Written evidence submitted to an inquiry by the Commons’ Levelling Up, Housing and Communities (LUHC) Committee – which is investigating the finances and sustainability of the social-housing sector – revealed that some councils had already paused their programmes due to squeezed budgets, with others set to do so.

The Local Government Association (LGA) said that “there is rising concern that the council-housing system is the scene of a perfect storm of pressure”, resulting from national, global and local issues.

Problems include reduced income due to inflation that exceeds rent caps and a right-to-buy scheme that leaves councils with “too little to replace the homes sold”, the LGA said.

The association added that higher construction costs and interest rates were currently being absorbed by most councils. But it warned that, without additional support, “the impact is much more likely to be felt on programmes which commence from next year, with the very real potential for programmes to be scaled back significantly”.

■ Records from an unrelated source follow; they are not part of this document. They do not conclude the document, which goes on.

lemma unit_circle_polynomial_parseval:
  "((\<lambda>s. (\<Sum>n<N. b n * unit_circle s ^ n) * cnj (\<Sum>n<N. b n * unit_circle s ^ n))
      has_integral (\<Sum>n<N. b n * cnj (b n))) {0..1}"
proof -
  have "((\<lambda>s. \<Sum>n<N. \<Sum>m<N. (b n * cnj (b m)) * (unit_circle s ^ n * cnj (unit_circle s) ^ m))
        has_integral (\<Sum>n<N. \<Sum>m<N. (b n * cnj (b m)) * (if n = m then 1 else 0))) {0..1}"
    by (intro has_integral_sum has_integral_mult_right unit_circle_orthonormal) auto
  then show ?thesis
    by (simp add: sum_product algebra_simps if_distrib cong: if_cong)
qed

lemma bessel_inequality_unit_circle:
  assumes h: "continuous_on {0..1} h"
    and b: "\<And>n. n < N \<Longrightarrow> ((\<lambda>s. h s * cnj (unit_circle s) ^ n) has_integral b n) {0..1}"
  shows "(\<Sum>n<N. (norm (b n))\<^sup>2) \<le> integral {0..1} (\<lambda>s. (norm (h s))\<^sup>2)"
proof -
  define S where "S = (\<Sum>n<N. (norm (b n))\<^sup>2)"
  define I where "I = integral {0..1} (\<lambda>s. (norm (h s))\<^sup>2)"
  define P where "P s = (\<Sum>n<N. b n * unit_circle s ^ n)" for s
  have S: "(\<Sum>n<N. b n * cnj (b n)) = complex_of_real S"
    unfolding S_def of_real_sum by (intro sum.cong refl) (simp only: complex_norm_square)
  have hP: "((\<lambda>s. h s * cnj (P s)) has_integral of_real S) {0..1}"
  proof -
    have "((\<lambda>s. \<Sum>n<N. cnj (b n) * (h s * cnj (unit_circle s) ^ n)) has_integral
          (\<Sum>n<N. cnj (b n) * b n)) {0..1}"
      using b by (intro has_integral_sum has_integral_mult_right) auto
    then show ?thesis
      using S by (simp add: P_def sum_distrib_left algebra_simps)
  qed
  have Ph: "((\<lambda>s. P s * cnj (h s)) has_integral of_real S) {0..1}"
  proof -
    have "((cnj \<circ> (\<lambda>s. h s * cnj (P s))) has_integral cnj (of_real S)) {0..1}"
      using hP has_integral_cnj by blast
    then show ?thesis by (simp add: o_def mult.commute)
  qed
  have PP: "((\<lambda>s. P s * cnj (P s)) has_integral of_real S) {0..1}"
    using unit_circle_polynomial_parseval[of b N] by (simp add: P_def S)
  have "(\<lambda>s. (norm (h s))\<^sup>2) integrable_on {0..1}"
    by (intro integrable_continuous_interval continuous_intros h)
  then have "((\<lambda>s. complex_of_real ((norm (h s))\<^sup>2)) has_integral of_real I) {0..1}"
    unfolding I_def by (intro has_integral_of_real) (simp add: has_integral_integral)
  then have hh: "((\<lambda>s. h s * cnj (h s)) has_integral of_real I) {0..1}"
    unfolding complex_norm_square .
  have "((\<lambda>s. h s * cnj (h s) - h s * cnj (P s) - P s * cnj (h s) + P s * cnj (P s))
      has_integral (of_real I - of_real S - of_real S + of_real S)) {0..1}"
    by (intro has_integral_add has_integral_diff hh hP Ph PP)
  moreover have "h s * cnj (h s) - h s * cnj (P s) - P s * cnj (h s) + P s * cnj (P s)
      = complex_of_real ((norm (h s - P s))\<^sup>2)" for s
    unfolding complex_norm_square by (simp add: algebra_simps)
  ultimately have "((\<lambda>s. complex_of_real ((norm (h s - P s))\<^sup>2)) has_integral of_real (I - S)) {0..1}"
    by simp
  from has_integral_linear[OF this bounded_linear_Re]
  have "((\<lambda>s. (norm (h s - P s))\<^sup>2) has_integral (I - S)) {0..1}" by (simp add: o_def)
  then have "0 \<le> I - S" by (rule has_integral_nonneg) simp
  then show ?thesis by (simp add: S_def I_def)
qed
lemma exists_compact_subset_measure_pos:
  fixes M :: "'a::{second_countable_topology, complete_space} measure"
  assumes "finite_measure M" "sets M = sets borel" "B \<in> sets borel" "0 < measure M B"
  shows "\<exists>K. compact K \<and> K \<subseteq> B \<and> 0 < measure M K"
proof -
  interpret finite_measure M
    by fact
  have "0 < emeasure M B"
    using assms(4) by (simp add: emeasure_eq_measure)
  also have "emeasure M B = (SUP K \<in> {K. K \<subseteq> B \<and> compact K}. emeasure M K)"
    by (rule inner_regular[OF assms(2) _ assms(3)]) simp
  finally obtain K where "K \<subseteq> B" "compact K" "0 < emeasure M K"
    by (auto simp: less_SUP_iff)
  then show ?thesis
    by (auto simp: emeasure_eq_measure)
qed

lemma (in finite_measure) Re_integral_mult_indicator_ge:
  fixes f :: "'a \<Rightarrow> complex"
  assumes f: "integrable M f" and K: "K \<in> sets M" and bound: "\<And>x. x \<in> K \<Longrightarrow> a \<le> Re (f x)"
  shows "a * measure M K \<le> Re (\<integral>x. f x * indicator K x \<partial>M)"
proof -
  have int: "integrable M (\<lambda>x. f x * indicator K x)"
    using integrable_mult_indicator[OF K f] by (simp add: mult.commute scaleR_conv_of_real of_real_indicator)
  have "a * measure M K = (\<integral>x. a * indicator K x \<partial>M)"
    using K by simp
  also have "\<dots> \<le> (\<integral>x. Re (f x * indicator K x) \<partial>M)"
  proof (rule integral_mono)
    show "integrable M (\<lambda>x. a * indicator K x)"
      using K by (intro integrable_mult_right integrable_real_indicator) (auto simp: emeasure_eq_measure)
    show "integrable M (\<lambda>x. Re (f x * indicator K x))"
      using int by (rule integrable_Re)
    show "a * indicator K x \<le> Re (f x * indicator K x)" for x
      using bound by (auto split: split_indicator)
  qed
  also have "\<dots> = Re (\<integral>x. f x * indicator K x \<partial>M)"
    using int by (rule integral_Re)
  finally show ?thesis .
qed

section \<open>The integer lattice and the torus\<close>

lemma int_lattice_add: "k \<in> int_lattice \<Longrightarrow> l \<in> int_lattice \<Longrightarrow> k + l \<in> int_lattice"
  by (auto simp: int_lattice_def)

lemma int_lattice_uminus: "k \<in> int_lattice \<Longrightarrow> - k \<in> int_lattice"
  by (auto simp: int_lattice_def)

Total social housing delivery is estimated at up to 2,500 new homes per year, with 40 per cent of them in London. The LGA argued that increases in central grant subsidies or more flexibility on using right-to-buy receipts will be needed “in order to maintain programmes at the rate envisaged”.

Assuming inflation in construction costs of 10 per cent, the LGA said that additional grant funding of £25,000 for each unit will be needed to stop delivery totals falling by 8 per cent.

If inflation in construction costs was 18 per cent, the extra grant funding needed would be £45,000 per unit to prevent a 14 per cent drop in total delivery.

Collective organisation London Councils said that build programmes in the capital “face serious viability pressures and some development is being paused”.

One unnamed borough experienced a build-cost increase of 30-35 per cent across its development programme. The programme is now in deficit by more than £26m, doubling the subsidy needed from the council.

Building safety works are also contributing to financial pressures, with another London borough saying these were costing an extra £75m a year. For this council, “the investment needs of the [housing] stock exceed the financial resources available to fund it”, London Councils noted in its evidence.

The council’s housing revenue account has a shortfall of more than £100m over the next five years, despite it pausing the uncommitted stages of its new homes delivery programme.

Hull City Council warned in written evidence to the LUHC that “we are going realistically to have to scale back our overall aspirations for new-build properties over the medium term”.

The council is continuing with schemes already begun, but said future new-build projections have been halved. Hull explained that “costs are rising faster than income and we expect a series of additional challenges through net zero and building safety costs”.

Southwark Council said it had a “pipeline of housing projects ready to go” but that “the current system provides an unsustainable model of funding” to take its housebuilding programme forward.